[Opening Dataset section]

(* Let $\mathcal U$ be a compact interval and consider the model described in the context with fixed $r$ and fixed $k_0\ge1$. Suppose conditions (C1), (C2), (C4') and (C6) of the context hold, with $\tau\in[0,1)$, fixed $L$, and sequences $c_1(p),c_2(p)$. Then for $k=1,\dots,k_0$, $$\max_{1\le j\le p}\sum_{i=1}^p\|\Sigma^{(k)}_{yy,ij}\|_{\mathcal S}^{\tau}\lesssim c_1(p)\quad\text{and}\quad\max_{1\le i\le p}\sum_{j=1}^p\|\Sigma^{(k)}_{yy,ij}\|_{\mathcal S}^{\tau}\lesssim c_1(p)+c_2(p),$$ where $\lesssim$ hides a constant not depending on $p$.
   Context: Notation: for $f\in L_2(\mathcal U)$, $\|f\|=(\int_{\mathcal U}f^2)^{1/2}$; for a bivariate function $K$ on $\mathcal U^2$, $\|K\|_{\mathcal S}=(\iint K(u,v)^2du\,dv)^{1/2}$. For $\tau=0$, $x^0$ is interpreted as $\mathbf 1\{x\neq0\}$ (so the sums count nonzero entries). Model: for each $t$, $\mathbf Y_t(\cdot)=(Y_{t1},\dots,Y_{tp})^{\top}$ is a $p$-vector of random functions in $L_2(\mathcal U)$ with $\mathbf Y_t(u)=\mathbf A\mathbf X_t(u)+\boldsymbol\varepsilon_t(u)$, where $\mathbf A=(A_{ij})\in\mathbb R^{p\times r}$ is deterministic of rank $r$, $\mathbf X_t=(X_{t1},\dots,X_{tr})^{\top}$ is an $r$-vector of latent random functions, and $\boldsymbol\varepsilon_t=(\varepsilon_{t1},\dots,\varepsilon_{tp})^{\top}$ satisfies $E\boldsymbol\varepsilon_t(u)=\mathbf 0$ and $\mathrm{Cov}\{\boldsymbol\varepsilon_{t+k}(u),\boldsymbol\varepsilon_t(v)\}=\mathbf 0$ for $k\ne0$. Let $\boldsymbol\Sigma^{(k)}_{yy}(u,v)=\mathrm{Cov}\{\mathbf Y_{t+k}(u),\mathbf Y_t(v)\}=(\Sigma^{(k)}_{yy,ij}(u,v))_{p\times p}$, $\boldsymbol\Sigma^{(k)}_{xx}(u,v)=\mathrm{Cov}\{\mathbf X_{t+k}(u),\mathbf X_t(v)\}$, $\boldsymbol\Sigma^{(k)}_{x\varepsilon}(u,v)=\mathrm{Cov}\{\mathbf X_{t+k}(u),\boldsymbol\varepsilon_t(v)\}=(\Sigma^{(k)}_{x\varepsilon,lj}(u,v))_{r\times p}$, $\boldsymbol\Sigma^{(0)}_{\varepsilon\varepsilon}(u,v)=\mathrm{Cov}\{\boldsymbol\varepsilon_t(u),\boldsymbol\varepsilon_t(v)\}$, all not depending on $t$. Conditions. (C1) $\{\mathbf X_t\}$ is weakly stationary with $E\|X_{tj}\|^4=O(1)$, $j=1,\dots,r$; and for at least one $k\in\{1,\dots,k_0\}$ the matrix $\iint\boldsymbol\Sigma^{(k)}_{xx}(u,v)\boldsymbol\Sigma^{(k)}_{xx}(u,v)^{\top}du\,dv$ has rank $r$. (C2) $\{\boldsymbol\varepsilon_t\}$ is white noise with $\max_jE\|\varepsilon_{tj}\|^2=O(1)$, and $\inf_{v\in\mathcal U}\lambda_{\min}\{\boldsymbol\Sigma^{(0)}_{\varepsilon\varepsilon}(v,v)\}$ is bounded away from zero. (C4') For $k=1,\dots,k_0$, $\max_{1\le l\le r}\sum_{j=1}^p\|\Sigma^{(k)}_{x\varepsilon,lj}\|_{\mathcal S}^{\tau}\le c_2(p)$; and $\mathrm{Cov}\{\mathbf X_t(u),\boldsymbol\varepsilon_{t+k}(v)\}=\mathbf 0$ for every integer $k\ge0$ and $u,v\in\mathcal U$. (C6) (column sparsity) $\max_{1\le j\le r}\sum_{i=1}^p|A_{ij}|^{\tau}\le c_1(p)$ and $\max_{i,j}|A_{ij}|\le L$, with $\tau\in[0,1)$. *)

theory Defs
  imports "HOL-Probability.Probability"
begin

[Closing Dataset section]

*Task to carry out*. All of the records above should be repeated exactly.

*Answer to the problem*.
(* Let $\mathcal U$ be a compact interval and consider the model described in the context with fixed $r$ and fixed $k_0\ge1$. Suppose conditions (C1), (C2), (C4') and (C6) of the context hold, with $\tau\in[0,1)$, fixed $L$, and sequences $c_1(p),c_2(p)$. Then for $k=1,\dots,k_0$, $$\max_{1\le j\le p}\sum_{i=1}^p\|\Sigma^{(k)}_{yy,ij}\|_{\mathcal S}^{\tau}\lesssim c_1(p)\quad\text{and}\quad\max_{1\le i\le p}\sum_{j=1}^p\|\Sigma^{(k)}_{yy,ij}\|_{\mathcal S}^{\tau}\lesssim c_1(p)+c_2(p),$$ where $\lesssim$ hides a constant not depending on $p$.
   Context: Notation: for $f\in L_2(\mathcal U)$, $\|f\|=(\int_{\mathcal U}f^2)^{1/2}$; for a bivariate function $K$ on $\mathcal U^2$, $\|K\|_{\mathcal S}=(\iint K(u,v)^2du\,dv)^{1/2}$. For $\tau=0$, $x^0$ is interpreted as $\mathbf 1\{x\neq0\}$ (so the sums count nonzero entries). Model: for each $t$, $\mathbf Y_t(\cdot)=(Y_{t1},\dots,Y_{tp})^{\top}$ is a $p$-vector of random functions in $L_2(\mathcal U)$ with $\mathbf Y_t(u)=\mathbf A\mathbf X_t(u)+\boldsymbol\varepsilon_t(u)$, where $\mathbf A=(A_{ij})\in\mathbb R^{p\times r}$ is deterministic of rank $r$, $\mathbf X_t=(X_{t1},\dots,X_{tr})^{\top}$ is an $r$-vector of latent random functions, and $\boldsymbol\varepsilon_t=(\varepsilon_{t1},\dots,\varepsilon_{tp})^{\top}$ satisfies $E\boldsymbol\varepsilon_t(u)=\mathbf 0$ and $\mathrm{Cov}\{\boldsymbol\varepsilon_{t+k}(u),\boldsymbol\varepsilon_t(v)\}=\mathbf 0$ for $k\ne0$. Let $\boldsymbol\Sigma^{(k)}_{yy}(u,v)=\mathrm{Cov}\{\mathbf Y_{t+k}(u),\mathbf Y_t(v)\}=(\Sigma^{(k)}_{yy,ij}(u,v))_{p\times p}$, $\boldsymbol\Sigma^{(k)}_{xx}(u,v)=\mathrm{Cov}\{\mathbf X_{t+k}(u),\mathbf X_t(v)\}$, $\boldsymbol\Sigma^{(k)}_{x\varepsilon}(u,v)=\mathrm{Cov}\{\mathbf X_{t+k}(u),\boldsymbol\varepsilon_t(v)\}=(\Sigma^{(k)}_{x\varepsilon,lj}(u,v))_{r\times p}$, $\boldsymbol\Sigma^{(0)}_{\varepsilon\varepsilon}(u,v)=\mathrm{Cov}\{\boldsymbol\varepsilon_t(u),\boldsymbol\varepsilon_t(v)\}$, all not depending on $t$. Conditions. (C1) $\{\mathbf X_t\}$ is weakly stationary with $E\|X_{tj}\|^4=O(1)$, $j=1,\dots,r$; and for at least one $k\in\{1,\dots,k_0\}$ the matrix $\iint\boldsymbol\Sigma^{(k)}_{xx}(u,v)\boldsymbol\Sigma^{(k)}_{xx}(u,v)^{\top}du\,dv$ has rank $r$. (C2) $\{\boldsymbol\varepsilon_t\}$ is white noise with $\max_jE\|\varepsilon_{tj}\|^2=O(1)$, and $\inf_{v\in\mathcal U}\lambda_{\min}\{\boldsymbol\Sigma^{(0)}_{\varepsilon\varepsilon}(v,v)\}$ is bounded away from zero. (C4') For $k=1,\dots,k_0$, $\max_{1\le l\le r}\sum_{j=1}^p\|\Sigma^{(k)}_{x\varepsilon,lj}\|_{\mathcal S}^{\tau}\le c_2(p)$; and $\mathrm{Cov}\{\mathbf X_t(u),\boldsymbol\varepsilon_{t+k}(v)\}=\mathbf 0$ for every integer $k\ge0$ and $u,v\in\mathcal U$. (C6) (column sparsity) $\max_{1\le j\le r}\sum_{i=1}^p|A_{ij}|^{\tau}\le c_1(p)$ and $\max_{i,j}|A_{ij}|\le L$, with $\tau\in[0,1)$. *)

theory Defs
  imports "HOL-Probability.Probability"
begin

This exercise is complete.